If you recompile ONNX Runtime with debug symbols then valgrind should be able to show you where the lost memory is being allocated. Then we can try and run down what's going on. I wouldn't run a big thing through it though as valgrind is slow (and CPU only).

thhart commented 3 years ago

Thanks for the hint, will check further and come back if I have more information. Valgrind is too slow to check. Since the library is woven into a complex environment I can not be sure yet, will modularize into different JVM first.

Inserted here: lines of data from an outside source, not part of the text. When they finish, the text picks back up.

(* Let $Z=\mathrm{GF}(2)$ and let $K$ be an elementary abelian $2$-group, regarded as a vector space over $\mathrm{GF}(2)$ (written additively). Let $g:K^3\to\mathrm{GF}(2)$ be a trilinear form such that $g(x,x+y,y)=g(y,x+y,x)$ for all $x,y\in K$. Define $\theta:K^2\to\mathrm{GF}(2)$ by $\theta(x,y)=g(x,x+y,y)$, and let $Q=K\ltimes_\theta Z$ be the set $K\times Z$ with multiplication $(x,a)(y,b)=(x+y,\ a+b+\theta(x,y))$. Then $Q$ is a commutative A-loop of exponent $2$. Moreover, $(y,b)\in N_\mu(Q)$ if and only if $g(y,x,z)=g(x,z,y)$ for all $x,z\in K$.
   Context: A loop is a set with a binary operation and a neutral element in which all left and right translations are bijections. Its inner mapping group is generated by $L_{x,y}=L_{yx}^{-1}L_yL_x$, $R_{x,y}=R_{xy}^{-1}R_yR_x$, $T_x=L_x^{-1}R_x$; an A-loop is a loop whose inner mappings are all automorphisms. Exponent $2$ means $uu=1$ for all elements $u$. $N_\mu(Q)=\{y:(xy)z=x(yz)\ \forall x,z\}$ is the middle nucleus. *)

theory Defs
  imports Main "HOL-Library.Z2"
begin

text \<open>Loops on the whole carrier type, with multiplication m and neutral element e.\<close>

definition loop :: "('q \<Rightarrow> 'q \<Rightarrow> 'q) \<Rightarrow> 'q \<Rightarrow> bool" where
  "loop m e \<longleftrightarrow> (\<forall>x. m e x = x \<and> m x e = x) \<and>
     (\<forall>x. bij (\<lambda>y. m x y)) \<and> (\<forall>x. bij (\<lambda>y. m y x))"

definition Lt :: "('q \<Rightarrow> 'q \<Rightarrow> 'q) \<Rightarrow> 'q \<Rightarrow> 'q \<Rightarrow> 'q" where
  "Lt m x = (\<lambda>y. m x y)"

definition Rt :: "('q \<Rightarrow> 'q \<Rightarrow> 'q) \<Rightarrow> 'q \<Rightarrow> 'q \<Rightarrow> 'q" where
  "Rt m x = (\<lambda>y. m y x)"

definition Lxy :: "('q \<Rightarrow> 'q \<Rightarrow> 'q) \<Rightarrow> 'q \<Rightarrow> 'q \<Rightarrow> 'q \<Rightarrow> 'q" where
  "Lxy m x y = inv (Lt m (m y x)) \<circ> Lt m y \<circ> Lt m x"

definition Rxy :: "('q \<Rightarrow> 'q \<Rightarrow> 'q) \<Rightarrow> 'q \<Rightarrow> 'q \<Rightarrow> 'q \<Rightarrow> 'q" where
  "Rxy m x y = inv (Rt m (m x y)) \<circ> Rt m y \<circ> Rt m x"

definition Tx :: "('q \<Rightarrow> 'q \<Rightarrow> 'q) \<Rightarrow> 'q \<Rightarrow> 'q \<Rightarrow> 'q" where
  "Tx m x = inv (Lt m x) \<circ> Rt m x"

inductive_set inner_mappings :: "('q \<Rightarrow> 'q \<Rightarrow> 'q) \<Rightarrow> ('q \<Rightarrow> 'q) set"
  for m :: "'q \<Rightarrow> 'q \<Rightarrow> 'q" where
  im_id: "id \<in> inner_mappings m"
| im_L: "Lxy m x y \<in> inner_mappings m"
| im_R: "Rxy m x y \<in> inner_mappings m"
| im_T: "Tx m x \<in> inner_mappings m"
| im_comp: "f \<in> inner_mappings m \<Longrightarrow> h \<in> inner_mappings m \<Longrightarrow> f \<circ> h \<in> inner_mappings m"
| im_inv: "f \<in> inner_mappings m \<Longrightarrow> inv f \<in> inner_mappings m"

definition automorphism :: "('q \<Rightarrow> 'q \<Rightarrow> 'q) \<Rightarrow> ('q \<Rightarrow> 'q) \<Rightarrow> bool" where
  "automorphism m f \<longleftrightarrow> bij f \<and> (\<forall>x y. f (m x y) = m (f x) (f y))"

definition A_loop :: "('q \<Rightarrow> 'q \<Rightarrow> 'q) \<Rightarrow> 'q \<Rightarrow> bool" where
  "A_loop m e \<longleftrightarrow> loop m e \<and> (\<forall>f \<in> inner_mappings m. automorphism m f)"

definition commutative_op :: "('q \<Rightarrow> 'q \<Rightarrow> 'q) \<Rightarrow> bool" where
  "commutative_op m \<longleftrightarrow> (\<forall>x y. m x y = m y x)"

definition exponent2 :: "('q \<Rightarrow> 'q \<Rightarrow> 'q) \<Rightarrow> 'q \<Rightarrow> bool" where
  "exponent2 m e \<longleftrightarrow> (\<forall>u. m u u = e)"

definition middle_nucleus :: "('q \<Rightarrow> 'q \<Rightarrow> 'q) \<Rightarrow> 'q set" where
  "middle_nucleus m = {y. \<forall>x z. m (m x y) z = m x (m y z)}"

text \<open>Trilinear form K^3 \<rightarrow> GF(2); over GF(2), linearity is additivity.\<close>

definition trilinear :: "('k::ab_group_add \<Rightarrow> 'k \<Rightarrow> 'k \<Rightarrow> bit) \<Rightarrow> bool" where
  "trilinear g \<longleftrightarrow>
     (\<forall>x x' y z. g (x + x') y z = g x y z + g x' y z) \<and>
     (\<forall>x y y' z. g x (y + y') z = g x y z + g x y' z) \<and>
     (\<forall>x y z z'. g x y (z + z') = g x y z + g x y z')"

definition ext_mult :: "('k::ab_group_add \<Rightarrow> 'k \<Rightarrow> bit) \<Rightarrow> 'k \<times> bit \<Rightarrow> 'k \<times> bit \<Rightarrow> 'k \<times> bit" where
  "ext_mult \<theta> p q = (fst p + fst q, snd p + snd q + \<theta> (fst p) (fst q))"

end

theory Submission
  imports Defs
begin

(* Q = K \<ltimes>_\<theta> Z is a central extension of the abelian group K by GF(2),
   so everything about Q is governed by the cocycle \<theta>.  Its failure to be associative
   is measured by the associator defect
     \<delta>(x,y,z) = \<theta>(x,y) + \<theta>(x+y,z) - \<theta>(y,z) - \<theta>(x,y+z),
   since ((x,a)(y,b))(z,c) and (x,a)((y,b)(z,c)) differ exactly by \<delta>(x,y,z) in the
   second coordinate.  In particular (y,b) lies in the middle nucleus iff \<delta>(-,y,-)
   vanishes, and the inner mapping L_{(x,a),(y,b)} is (z,c) \<mapsto> (z, c - \<delta>(y,x,z)),
   which is an automorphism as soon as \<delta>(y,x,-) is additive. *)

text \<open>GF(2) is treated as a commutative ring of characteristic 2; the library's default
  rewriting of its addition into exclusive or would destroy the ring structure of the goals.\<close>

declare add_bit_eq_xor [simp del]

lemma bit_add_self [simp]: "(a::bit) + a = 0"
  using right_minus[of a] by simp

lemma bit_add_self_left [simp]: "(a::bit) + (a + b) = b"
  by (simp flip: add.assoc)

text \<open>In characteristic 2 an equation is equivalent to the vanishing of the sum of its sides;
  together with the cancellation rules above and AC-normalisation this decides identities
  between sums in GF(2).\<close>

lemma bit_eq_iff_add: "(a::bit) = b \<longleftrightarrow> a + b = 0"
  by (metis bit_add_self bit_add_self_left add.right_neutral)

lemma automorphism_id: "automorphism m id"
  by (simp add: automorphism_def)

lemma automorphism_comp:
  "automorphism m f \<Longrightarrow> automorphism m h \<Longrightarrow> automorphism m (f \<circ> h)"
  by (simp add: automorphism_def bij_comp)

lemma automorphism_inv:
  assumes "automorphism m f"
  shows "automorphism m (inv f)"
proof -
  have bij: "bij f" and hom: "\<And>x y. f (m x y) = m (f x) (f y)"
    using assms by (auto simp: automorphism_def)
  have "inv f (m x y) = m (inv f x) (inv f y)" for x y
  proof (rule inv_f_eq[OF bij_is_inj[OF bij]])
    show "f (m (inv f x) (inv f y)) = m x y"
      using hom bij by (simp add: bij_is_surj surj_f_inv_f)
  qed
  with bij show ?thesis
    by (simp add: automorphism_def bij_imp_bij_inv)
qed

lemma inner_mappings_automorphisms:
  assumes "\<And>x y. automorphism m (Lxy m x y)"
    and "\<And>x y. automorphism m (Rxy m x y)"
    and "\<And>x. automorphism m (Tx m x)"
    and "f \<in> inner_mappings m"
  shows "automorphism m f"
  using assms(4)
proof induction
  case im_id show ?case by (rule automorphism_id)
next
  case (im_L x y) show ?case by (rule assms(1))
next
  case (im_R x y) show ?case by (rule assms(2))
next
  case (im_T x) show ?case by (rule assms(3))
next
  case (im_comp f h) show ?case using im_comp.IH by (rule automorphism_comp)
next
  case (im_inv f) show ?case using im_inv.IH by (rule automorphism_inv)
qed

lemma loop_bij_Lt: "loop m e \<Longrightarrow> bij (Lt m x)"
  by (simp add: loop_def Lt_def)

lemma loop_bij_Lxy: "loop m e \<Longrightarrow> bij (Lxy m x y)"
  unfolding Lxy_def by (intro bij_comp bij_imp_bij_inv loop_bij_Lt)

lemma commutative_Rt_eq_Lt: "commutative_op m \<Longrightarrow> Rt m x = Lt m x"
  by (simp add: commutative_op_def Rt_def Lt_def fun_eq_iff)

lemma commutative_Rxy_eq_Lxy: "commutative_op m \<Longrightarrow> Rxy m x y = Lxy m x y"
  unfolding Rxy_def Lxy_def by (simp add: commutative_Rt_eq_Lt commutative_op_def)

lemma commutative_Tx_id: "loop m e \<Longrightarrow> commutative_op m \<Longrightarrow> Tx m x = id"
  unfolding Tx_def
  by (simp add: commutative_Rt_eq_Lt bij_is_inj loop_bij_Lt)

lemma ext_mult_Pair [simp]:
  "ext_mult \<theta> (x, a) (y, b) = (x + y, a + b + \<theta> x y)"
  by (simp add: ext_mult_def)

definition assoc_defect :: "('k::ab_group_add \<Rightarrow> 'k \<Rightarrow> bit) \<Rightarrow> 'k \<Rightarrow> 'k \<Rightarrow> 'k \<Rightarrow> bit" where
  "assoc_defect \<theta> x y z = (\<theta> x y + \<theta> (x + y) z) - (\<theta> y z + \<theta> x (y + z))"

lemma ext_mult_Lt_inverse:
  "Lt (ext_mult \<theta>) (x, a) \<circ> (\<lambda>(z, c). (z - x, c - a - \<theta> x (z - x))) = id"
  "(\<lambda>(z, c). (z - x, c - a - \<theta> x (z - x))) \<circ> Lt (ext_mult \<theta>) (x, a) = id"
  by (auto simp: fun_eq_iff Lt_def)

lemma ext_mult_Rt_inverse:
  "Rt (ext_mult \<theta>) (y, b) \<circ> (\<lambda>(z, c). (z - y, c - b - \<theta> (z - y) y)) = id"
  "(\<lambda>(z, c). (z - y, c - b - \<theta> (z - y) y)) \<circ> Rt (ext_mult \<theta>) (y, b) = id"
  by (auto simp: fun_eq_iff Rt_def)

lemma ext_mult_loop:
  assumes "\<And>y. \<theta> 0 y = 0" and "\<And>x. \<theta> x 0 = 0"
  shows "loop (ext_mult \<theta>) (0, 0)"
proof -
  have "bij (Lt (ext_mult \<theta>) (x, a))" for x a
    by (rule o_bij[OF ext_mult_Lt_inverse(2,1)])
  then have "bij (\<lambda>q. ext_mult \<theta> p q)" for p
    unfolding Lt_def by (cases p) simp
  moreover have "bij (Rt (ext_mult \<theta>) (y, b))" for y b
    by (rule o_bij[OF ext_mult_Rt_inverse(2,1)])
  then have "bij (\<lambda>q. ext_mult \<theta> q p)" for p
    unfolding Rt_def by (cases p) simp
  ultimately show ?thesis
    using assms by (simp add: loop_def ext_mult_def)
qed

lemma ext_mult_commutative:
  assumes "\<And>x y. \<theta> x y = \<theta> y x"
  shows "commutative_op (ext_mult \<theta>)"
  using assms by (simp add: commutative_op_def ext_mult_def add.commute)

lemma ext_mult_exponent2:
  fixes \<theta> :: "'k::ab_group_add \<Rightarrow> 'k \<Rightarrow> bit"
  assumes "\<And>x::'k. x + x = 0" and "\<And>x. \<theta> x x = 0"
  shows "exponent2 (ext_mult \<theta>) (0, 0)"
  unfolding exponent2_def ext_mult_def by (simp add: assms)

lemma ext_mult_middle_nucleus:
  "(y, b) \<in> middle_nucleus (ext_mult \<theta>) \<longleftrightarrow> (\<forall>x z. assoc_defect \<theta> x y z = 0)"
proof -
  have "ext_mult \<theta> (ext_mult \<theta> (x, a) (y, b)) (z, c) = ext_mult \<theta> (x, a) (ext_mult \<theta> (y, b) (z, c))
        \<longleftrightarrow> assoc_defect \<theta> x y z = 0" for x a z c
    by (simp add: assoc_defect_def add.assoc)
      (subst bit_eq_iff_add, simp add: ac_simps)
  then show ?thesis
    by (auto simp: middle_nucleus_def simp del: ext_mult_Pair)
qed

lemma ext_mult_Lxy:
  "Lxy (ext_mult \<theta>) (x, a) (y, b) (z, c) = (z, c - assoc_defect \<theta> y x z)"
proof -
  have inv_Lt: "inv (Lt (ext_mult \<theta>) (w, d)) = (\<lambda>(z, c). (z - w, c - d - \<theta> w (z - w)))" for w d
    using inv_unique_comp[OF ext_mult_Lt_inverse] .
  have "Lxy (ext_mult \<theta>) (x, a) (y, b) (z, c) =
        (x + (y + z) - (y + x), b + (a + c + \<theta> x z) + \<theta> y (x + z) - (b + a + \<theta> y x)
           - \<theta> (y + x) (x + (y + z) - (y + x)))"
    unfolding Lxy_def ext_mult_Pair inv_Lt by (simp add: Lt_def add.assoc)
  also have "\<dots> = (z, c - assoc_defect \<theta> y x z)"
    by (simp add: algebra_simps) (simp add: assoc_defect_def ac_simps)
  finally show ?thesis .
qed

lemma ext_mult_Lxy_automorphism:
  assumes loop: "loop (ext_mult \<theta>) (0, 0)"
    and additive: "\<And>x y z z'. assoc_defect \<theta> x y (z + z') = assoc_defect \<theta> x y z + assoc_defect \<theta> x y z'"
  shows "automorphism (ext_mult \<theta>) (Lxy (ext_mult \<theta>) u v)"
proof -
  obtain x a y b where uv: "u = (x, a)" "v = (y, b)" by fastforce
  have "Lxy (ext_mult \<theta>) u v (ext_mult \<theta> w w') =
        ext_mult \<theta> (Lxy (ext_mult \<theta>) u v w) (Lxy (ext_mult \<theta>) u v w')" for w w'
    by (cases w; cases w') (simp add: uv ext_mult_Lxy additive algebra_simps)
  with loop_bij_Lxy[OF loop] show ?thesis
    by (simp add: automorphism_def)
qed

lemma ext_mult_A_loop:
  assumes loop: "loop (ext_mult \<theta>) (0, 0)"
    and comm: "commutative_op (ext_mult \<theta>)"
    and additive: "\<And>x y z z'. assoc_defect \<theta> x y (z + z') = assoc_defect \<theta> x y z + assoc_defect \<theta> x y z'"
  shows "A_loop (ext_mult \<theta>) (0, 0)"
proof -
  have L: "automorphism (ext_mult \<theta>) (Lxy (ext_mult \<theta>) u v)" for u v
    using ext_mult_Lxy_automorphism[OF loop additive] .
  show ?thesis
    unfolding A_loop_def
    using loop inner_mappings_automorphisms[OF L]
    by (simp add: commutative_Rxy_eq_Lxy[OF comm] commutative_Tx_id[OF loop comm] L automorphism_id)
qed

lemma trilinear_additive:
  assumes "trilinear g"
  shows "g (x + x') y z = g x y z + g x' y z"
    and "g x (y + y') z = g x y z + g x y' z"
    and "g x y (z + z') = g x y z + g x y z'"
  using assms unfolding trilinear_def by blast+

lemma trilinear_zero:
  assumes "trilinear g"
  shows "g 0 y z = 0" and "g x 0 z = 0" and "g x y 0 = 0"
  using trilinear_additive(1)[OF assms, of 0 0] trilinear_additive(2)[OF assms, of x 0 0]
    trilinear_additive(3)[OF assms, of x y 0 0]
  by simp_all

text \<open>The key computation: for \<theta>(x,y) = g(x,x+y,y) all the terms of the defect cancel
  in pairs except g(y,x,z) - g(x,z,y).\<close>

lemma assoc_defect_trilinear:
  assumes "trilinear g"
  shows "assoc_defect (\<lambda>x y. g x (x + y) y) x y z = g y x z - g x z y"
  by (simp add: assoc_defect_def trilinear_additive[OF assms] ac_simps)

theorem proposition4p3:
  fixes g :: "'k::ab_group_add \<Rightarrow> 'k \<Rightarrow> 'k \<Rightarrow> bit"
  assumes elem2: "\<forall>x::'k. x + x = 0"
    and tri: "trilinear g"
    and sym: "\<forall>x y. g x (x + y) y = g y (x + y) x"
  defines "\<theta> \<equiv> (\<lambda>x y. g x (x + y) y)"
  shows "loop (ext_mult \<theta>) (0, 0) \<and> commutative_op (ext_mult \<theta>) \<and>
         A_loop (ext_mult \<theta>) (0, 0) \<and> exponent2 (ext_mult \<theta>) (0, 0) \<and>
         (\<forall>y b. (y, b) \<in> middle_nucleus (ext_mult \<theta>) \<longleftrightarrow> (\<forall>x z. g y x z = g x z y))"
proof -
  have defect: "assoc_defect \<theta> x y z = g y x z - g x z y" for x y z
    unfolding \<theta>_def using assoc_defect_trilinear[OF tri] .
  have loop: "loop (ext_mult \<theta>) (0, 0)"
    by (rule ext_mult_loop) (simp_all add: \<theta>_def trilinear_zero[OF tri])
  have comm: "commutative_op (ext_mult \<theta>)"
  proof (rule ext_mult_commutative)
    show "\<theta> x y = \<theta> y x" for x y
      using sym[rule_format, of x y] by (simp add: \<theta>_def add.commute)
  qed
  have "A_loop (ext_mult \<theta>) (0, 0)"
    using loop comm
    by (rule ext_mult_A_loop) (simp add: defect trilinear_additive[OF tri] algebra_simps)
  moreover have "exponent2 (ext_mult \<theta>) (0, 0)"
    using elem2 by (intro ext_mult_exponent2) (simp_all add: \<theta>_def trilinear_zero[OF tri])
  moreover have "(y, b) \<in> middle_nucleus (ext_mult \<theta>) \<longleftrightarrow> (\<forall>x z. g y x z = g x z y)" for y b
    unfolding ext_mult_middle_nucleus defect right_minus_eq ..
  ultimately show ?thesis
    using loop comm by blast
qed

end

Craigacp commented 3 years ago

If possible check the model using one of the other interfaces (e.g. Python), and see if you observe similar behaviour. If not then at least it's narrowed down to where the Java interface allocates memory in native code.

cgpeter96 commented 2 years ago

Recently, I observe a problem with onnxruntime in Java. The memory of my java code with onnx has increased slowly but never stop. I try my best to figure out the memory increase problem. However, I only find some problem happen in libonnxruntime.so.

Do you have figure the problem except reboot? @thhart

Craigacp commented 2 years ago

Could you open another issue with more details (e.g. platform, session options/providers, ORT version, JVM version)?

thhart commented 2 years ago

@cgpeter96 The problem is within native code and it is not possible to diagnose within Java, I have modularized my code in a way that analyzers utilizing Onnx restart itself after a specific time.

Craigacp commented 2 years ago

So there's a memory leak inside the ORT native runtime? That seems like something that should get fixed. Is it still occurring in the latest version?

cgpeter96 commented 2 years ago

So there's a memory leak inside the ORT native runtime? That seems like something that should get fixed. Is it still occurring in the latest version?

No, I fix the problem. I forget close of OnnxTensor. Just apply try-catch on create tensor and run session.

shuiyuejihua commented 2 years ago

--------------- S Y S T E M ---------------

OS: Windows 10 , 64 bit Build 19041 (10.0.19041.292) OS uptime: 6 days 4:30 hours

CPU: total 8 (initial active 8) (4 cores per cpu, 2 threads per core) family 6 model 142 stepping 12 microcode 0xde, cx8, cmov, fxsr, ht, mmx, 3dnowpref, sse, sse2, sse3, ssse3, sse4.1, sse4.2, popcnt, lzcnt, tsc, tscinvbit, avx, avx2, aes, erms, clmul, bmi1, bmi2, adx, fma, vzeroupper, clflush, clflushopt

Memory: 4k page, system-wide physical 7785M (415M free) TotalPageFile size 20585M (AvailPageFile size 5M) current process WorkingSet (physical memory assigned to process): 3566M, peak: 3796M current process commit charge ("private bytes"): 13863M, peak: 13864M

vm_info: Java HotSpot(TM) 64-Bit Server VM (17.0.2+8-LTS-86) for windows-amd64 JRE (17.0.2+8-LTS-86), built on Dec 7 2021 21:51:03 by "mach5one" with MS VC++ 16.8 / 16.9 (VS2019)

tried try-catch on create tensor and run session and get the results , but still out of memory

I run a for loop about 2000 times,

start onnx env and session only once and close the onnx results mannualy, it will take more time to throw this error than one time one loop using try-catch but finnaly about finished 1980 loop, it throw the error again.
may be

So there's a memory leak inside the ORT native runtime? That seems like something that should get fixed. Is it still occurring in the latest version?

Craigacp commented 2 years ago

Can you provide details about your model (inputs, outputs etc), and show the code you're using to drive the inference (including the session creation and any session options)? I assume this is using ORT 1.10?

shuiyuejihua commented 2 years ago

sorry, I find that problem is about djl NDManager,the manager did not closed,the memory leak. After I use submanager to close the NDArray, it is fine.